#### [TASK GOAL]
Word for word, give every line of the listing again.

#### [DATA EXTRACTS]
______________________________
(* Let $\alpha\in(0,1]$ and let $\{Z_i\}$ be an i.i.d. sequence of $\mathbb{R}^d$-valued random variables on a sublinear expectation space $(\Omega,\mathcal{H},\hat{\mathbb{E}})$ with $S_n=\sum_{i=1}^nZ_i$, and assume there is $0<\delta<\alpha$ with $M_\delta:=\sup_n\hat{\mathbb{E}}[|n^{-1/\alpha}S_n|^\delta]<\infty$. For $\phi\in C_{b,Lip}(\mathbb{R}^d)$ let $\hat{\mathbb{F}}[\phi]:=\sup_n\hat{\mathbb{E}}[\phi(S_n/\sqrt[\alpha]{n})]$. Then $\hat{\mathbb{F}}$ is a tight sublinear expectation on $(\mathbb{R}^d,C_{b,Lip}(\mathbb{R}^d))$.
   Context: Sublinear expectation: a functional that is monotone, constant preserving, sub-additive and positively homogeneous; random variables need only satisfy $\varphi(X)\in\mathcal{H}$ for bounded Lipschitz $\varphi$. I.i.d. means each $Z_{i+1}$ has the same distribution as $Z_i$ and is independent from $(Z_1,\dots,Z_i)$ in the sublinear sense ($\hat{\mathbb{E}}[\varphi(X,Y)]=\hat{\mathbb{E}}[\hat{\mathbb{E}}[\varphi(x,Y)]_{x=X}]$). A sublinear expectation $\mathbb{E}$ on $(\mathbb{R}^n,C_{b,Lip}(\mathbb{R}^n))$ is tight if for each $\varepsilon>0$ there exist $N>0$ and $\varphi\in C_{b,Lip}(\mathbb{R}^n)$ with $\mathbb{1}_{\{|x|\ge N\}}\le\varphi$ and $\mathbb{E}[\varphi]<\varepsilon$. *)

theory Defs
  imports "HOL-Analysis.Analysis"
begin

definition sublinear_expectation :: "('w \<Rightarrow> real) set \<Rightarrow> (('w \<Rightarrow> real) \<Rightarrow> real) \<Rightarrow> bool" where
  "sublinear_expectation H E \<longleftrightarrow>
     (\<forall>c. (\<lambda>_. c) \<in> H) \<and>
     (\<forall>X\<in>H. \<forall>Y\<in>H. (\<lambda>w. X w + Y w) \<in> H) \<and>
     (\<forall>X\<in>H. \<forall>c. (\<lambda>w. c * X w) \<in> H) \<and>
     (\<forall>X\<in>H. (\<lambda>w. \<bar>X w\<bar>) \<in> H) \<and>
     (\<forall>X\<in>H. \<forall>Y\<in>H. (\<forall>w. X w \<le> Y w) \<longrightarrow> E X \<le> E Y) \<and>
     (\<forall>c. E (\<lambda>_. c) = c) \<and>
     (\<forall>X\<in>H. \<forall>Y\<in>H. E (\<lambda>w. X w + Y w) \<le> E X + E Y) \<and>
     (\<forall>X\<in>H. \<forall>c\<ge>0. E (\<lambda>w. c * X w) = c * E X)"

definition bounded_lip :: "('a::metric_space \<Rightarrow> real) \<Rightarrow> bool" where
  "bounded_lip \<phi> \<longleftrightarrow> bounded (range \<phi>) \<and> (\<exists>L. \<forall>x y. \<bar>\<phi> x - \<phi> y\<bar> \<le> L * dist x y)"

text \<open>C_{b,Lip}(R^{d k}): functions of a tuple (x_0,...,x_{k-1}) of R^d vectors, encoded as
  a function on nat => R^d that is bounded and Lipschitz w.r.t. the Euclidean norm of the
  first k components (hence depends only on them).\<close>
definition bounded_lip_tuple :: "nat \<Rightarrow> ((nat \<Rightarrow> real^'d) \<Rightarrow> real) \<Rightarrow> bool" where
  "bounded_lip_tuple k \<phi> \<longleftrightarrow> bounded (range \<phi>) \<and>
     (\<exists>L. \<forall>x y. \<bar>\<phi> x - \<phi> y\<bar> \<le> L * sqrt (\<Sum>j<k. (norm (x j - y j))^2))"

definition random_seq :: "('w \<Rightarrow> real) set \<Rightarrow> (nat \<Rightarrow> 'w \<Rightarrow> real^'d) \<Rightarrow> bool" where
  "random_seq H Z \<longleftrightarrow> (\<forall>k \<phi>. bounded_lip_tuple k \<phi> \<longrightarrow> (\<lambda>w. \<phi> (\<lambda>j. Z j w)) \<in> H)"

text \<open>i.i.d. in the sublinear sense: Z_{k+1} identically distributed as Z_k, and Z_k independent
  from (Z_0,...,Z_{k-1}) (0-based indexing).\<close>
definition iid_seq :: "(('w \<Rightarrow> real) \<Rightarrow> real) \<Rightarrow> (nat \<Rightarrow> 'w \<Rightarrow> real^'d) \<Rightarrow> bool" where
  "iid_seq E Z \<longleftrightarrow>
     (\<forall>i \<phi>. bounded_lip \<phi> \<longrightarrow> E (\<lambda>w. \<phi> (Z (Suc i) w)) = E (\<lambda>w. \<phi> (Z i w))) \<and>
     (\<forall>k \<phi>. bounded_lip_tuple (Suc k) \<phi> \<longrightarrow>
        E (\<lambda>w. \<phi> (\<lambda>j. Z j w)) = E (\<lambda>w. E (\<lambda>w'. \<phi> ((\<lambda>j. Z j w)(k := Z k w')))))"

definition scaled_sum :: "real \<Rightarrow> (nat \<Rightarrow> 'w \<Rightarrow> real^'d) \<Rightarrow> nat \<Rightarrow> 'w \<Rightarrow> real^'d" where
  "scaled_sum \<alpha> Z n w = (1 / (real n powr (1 / \<alpha>))) *\<^sub>R (\<Sum>i<n. Z i w)"

definition tight :: "((real^'d \<Rightarrow> real) \<Rightarrow> real) \<Rightarrow> bool" where
  "tight F \<longleftrightarrow> (\<forall>\<epsilon>>0. \<exists>N>0. \<exists>\<phi>. bounded_lip \<phi> \<and>
       (\<forall>x. (if norm x \<ge> N then 1 else 0) \<le> \<phi> x) \<and> F \<phi> < \<epsilon>)"

end

theory Submission
  imports Defs
begin

text \<open>For each \<open>n\<close>, \<open>\<phi> \<mapsto> E[\<phi>(S\<^sub>n/n\<^bsup>1/\<alpha>\<^esup>)]\<close> is a sublinear expectation on bounded
  Lipschitz functions (the distribution of the normalized sum), bounded by \<open>sup |\<phi>|\<close> uniformly
  in \<open>n\<close>; a pointwise supremum of such a bounded family is again a sublinear expectation.
  Tightness is a Markov inequality: the ramp \<open>\<phi>\<^sub>a \<ge> 1{|x| \<ge> a + 1}\<close> satisfies
  \<open>a\<^sup>\<delta> \<phi>\<^sub>a(x) \<le> |x|\<^sup>\<delta>\<close>, so \<open>F[\<phi>\<^sub>a] \<le> M\<^sub>\<delta> / a\<^sup>\<delta>\<close>.\<close>

lemma bounded_lipI:
  assumes "\<And>x. \<bar>\<phi> x\<bar> \<le> B" "L-lipschitz_on UNIV \<phi>"
  shows "bounded_lip \<phi>"
proof -
  have "bounded (range \<phi>)" using assms(1) unfolding bounded_iff by auto
  moreover have "\<forall>x y. \<bar>\<phi> x - \<phi> y\<bar> \<le> L * dist x y"
    using lipschitz_onD[OF assms(2)] by (simp add: dist_real_def)
  ultimately show ?thesis unfolding bounded_lip_def by blast
qed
______________________________
#### [RESPONSE]
(* Let $\alpha\in(0,1]$ and let $\{Z_i\}$ be an i.i.d. sequence of $\mathbb{R}^d$-valued random variables on a sublinear expectation space $(\Omega,\mathcal{H},\hat{\mathbb{E}})$ with $S_n=\sum_{i=1}^nZ_i$, and assume there is $0<\delta<\alpha$ with $M_\delta:=\sup_n\hat{\mathbb{E}}[|n^{-1/\alpha}S_n|^\delta]<\infty$. For $\phi\in C_{b,Lip}(\mathbb{R}^d)$ let $\hat{\mathbb{F}}[\phi]:=\sup_n\hat{\mathbb{E}}[\phi(S_n/\sqrt[\alpha]{n})]$. Then $\hat{\mathbb{F}}$ is a tight sublinear expectation on $(\mathbb{R}^d,C_{b,Lip}(\mathbb{R}^d))$.
   Context: Sublinear expectation: a functional that is monotone, constant preserving, sub-additive and positively homogeneous; random variables need only satisfy $\varphi(X)\in\mathcal{H}$ for bounded Lipschitz $\varphi$. I.i.d. means each $Z_{i+1}$ has the same distribution as $Z_i$ and is independent from $(Z_1,\dots,Z_i)$ in the sublinear sense ($\hat{\mathbb{E}}[\varphi(X,Y)]=\hat{\mathbb{E}}[\hat{\mathbb{E}}[\varphi(x,Y)]_{x=X}]$). A sublinear expectation $\mathbb{E}$ on $(\mathbb{R}^n,C_{b,Lip}(\mathbb{R}^n))$ is tight if for each $\varepsilon>0$ there exist $N>0$ and $\varphi\in C_{b,Lip}(\mathbb{R}^n)$ with $\mathbb{1}_{\{|x|\ge N\}}\le\varphi$ and $\mathbb{E}[\varphi]<\varepsilon$. *)

theory Defs
  imports "HOL-Analysis.Analysis"
begin

definition sublinear_expectation :: "('w \<Rightarrow> real) set \<Rightarrow> (('w \<Rightarrow> real) \<Rightarrow> real) \<Rightarrow> bool" where
  "sublinear_expectation H E \<longleftrightarrow>
     (\<forall>c. (\<lambda>_. c) \<in> H) \<and>
     (\<forall>X\<in>H. \<forall>Y\<in>H. (\<lambda>w. X w + Y w) \<in> H) \<and>
     (\<forall>X\<in>H. \<forall>c. (\<lambda>w. c * X w) \<in> H) \<and>
     (\<forall>X\<in>H. (\<lambda>w. \<bar>X w\<bar>) \<in> H) \<and>
     (\<forall>X\<in>H. \<forall>Y\<in>H. (\<forall>w. X w \<le> Y w) \<longrightarrow> E X \<le> E Y) \<and>
     (\<forall>c. E (\<lambda>_. c) = c) \<and>
     (\<forall>X\<in>H. \<forall>Y\<in>H. E (\<lambda>w. X w + Y w) \<le> E X + E Y) \<and>
     (\<forall>X\<in>H. \<forall>c\<ge>0. E (\<lambda>w. c * X w) = c * E X)"

definition bounded_lip :: "('a::metric_space \<Rightarrow> real) \<Rightarrow> bool" where
  "bounded_lip \<phi> \<longleftrightarrow> bounded (range \<phi>) \<and> (\<exists>L. \<forall>x y. \<bar>\<phi> x - \<phi> y\<bar> \<le> L * dist x y)"

text \<open>C_{b,Lip}(R^{d k}): functions of a tuple (x_0,...,x_{k-1}) of R^d vectors, encoded as
  a function on nat => R^d that is bounded and Lipschitz w.r.t. the Euclidean norm of the
  first k components (hence depends only on them).\<close>
definition bounded_lip_tuple :: "nat \<Rightarrow> ((nat \<Rightarrow> real^'d) \<Rightarrow> real) \<Rightarrow> bool" where
  "bounded_lip_tuple k \<phi> \<longleftrightarrow> bounded (range \<phi>) \<and>
     (\<exists>L. \<forall>x y. \<bar>\<phi> x - \<phi> y\<bar> \<le> L * sqrt (\<Sum>j<k. (norm (x j - y j))^2))"

definition random_seq :: "('w \<Rightarrow> real) set \<Rightarrow> (nat \<Rightarrow> 'w \<Rightarrow> real^'d) \<Rightarrow> bool" where
  "random_seq H Z \<longleftrightarrow> (\<forall>k \<phi>. bounded_lip_tuple k \<phi> \<longrightarrow> (\<lambda>w. \<phi> (\<lambda>j. Z j w)) \<in> H)"

text \<open>i.i.d. in the sublinear sense: Z_{k+1} identically distributed as Z_k, and Z_k independent
  from (Z_0,...,Z_{k-1}) (0-based indexing).\<close>
definition iid_seq :: "(('w \<Rightarrow> real) \<Rightarrow> real) \<Rightarrow> (nat \<Rightarrow> 'w \<Rightarrow> real^'d) \<Rightarrow> bool" where
  "iid_seq E Z \<longleftrightarrow>
     (\<forall>i \<phi>. bounded_lip \<phi> \<longrightarrow> E (\<lambda>w. \<phi> (Z (Suc i) w)) = E (\<lambda>w. \<phi> (Z i w))) \<and>
     (\<forall>k \<phi>. bounded_lip_tuple (Suc k) \<phi> \<longrightarrow>
        E (\<lambda>w. \<phi> (\<lambda>j. Z j w)) = E (\<lambda>w. E (\<lambda>w'. \<phi> ((\<lambda>j. Z j w)(k := Z k w')))))"

definition scaled_sum :: "real \<Rightarrow> (nat \<Rightarrow> 'w \<Rightarrow> real^'d) \<Rightarrow> nat \<Rightarrow> 'w \<Rightarrow> real^'d" where
  "scaled_sum \<alpha> Z n w = (1 / (real n powr (1 / \<alpha>))) *\<^sub>R (\<Sum>i<n. Z i w)"

definition tight :: "((real^'d \<Rightarrow> real) \<Rightarrow> real) \<Rightarrow> bool" where
  "tight F \<longleftrightarrow> (\<forall>\<epsilon>>0. \<exists>N>0. \<exists>\<phi>. bounded_lip \<phi> \<and>
       (\<forall>x. (if norm x \<ge> N then 1 else 0) \<le> \<phi> x) \<and> F \<phi> < \<epsilon>)"

end

theory Submission
  imports Defs
begin

text \<open>For each \<open>n\<close>, \<open>\<phi> \<mapsto> E[\<phi>(S\<^sub>n/n\<^bsup>1/\<alpha>\<^esup>)]\<close> is a sublinear expectation on bounded
  Lipschitz functions (the distribution of the normalized sum), bounded by \<open>sup |\<phi>|\<close> uniformly
  in \<open>n\<close>; a pointwise supremum of such a bounded family is again a sublinear expectation.
  Tightness is a Markov inequality: the ramp \<open>\<phi>\<^sub>a \<ge> 1{|x| \<ge> a + 1}\<close> satisfies
  \<open>a\<^sup>\<delta> \<phi>\<^sub>a(x) \<le> |x|\<^sup>\<delta>\<close>, so \<open>F[\<phi>\<^sub>a] \<le> M\<^sub>\<delta> / a\<^sup>\<delta>\<close>.\<close>

lemma bounded_lipI:
  assumes "\<And>x. \<bar>\<phi> x\<bar> \<le> B" "L-lipschitz_on UNIV \<phi>"
  shows "bounded_lip \<phi>"
proof -
  have "bounded (range \<phi>)" using assms(1) unfolding bounded_iff by auto
  moreover have "\<forall>x y. \<bar>\<phi> x - \<phi> y\<bar> \<le> L * dist x y"
    using lipschitz_onD[OF assms(2)] by (simp add: dist_real_def)
  ultimately show ?thesis unfolding bounded_lip_def by blast
qed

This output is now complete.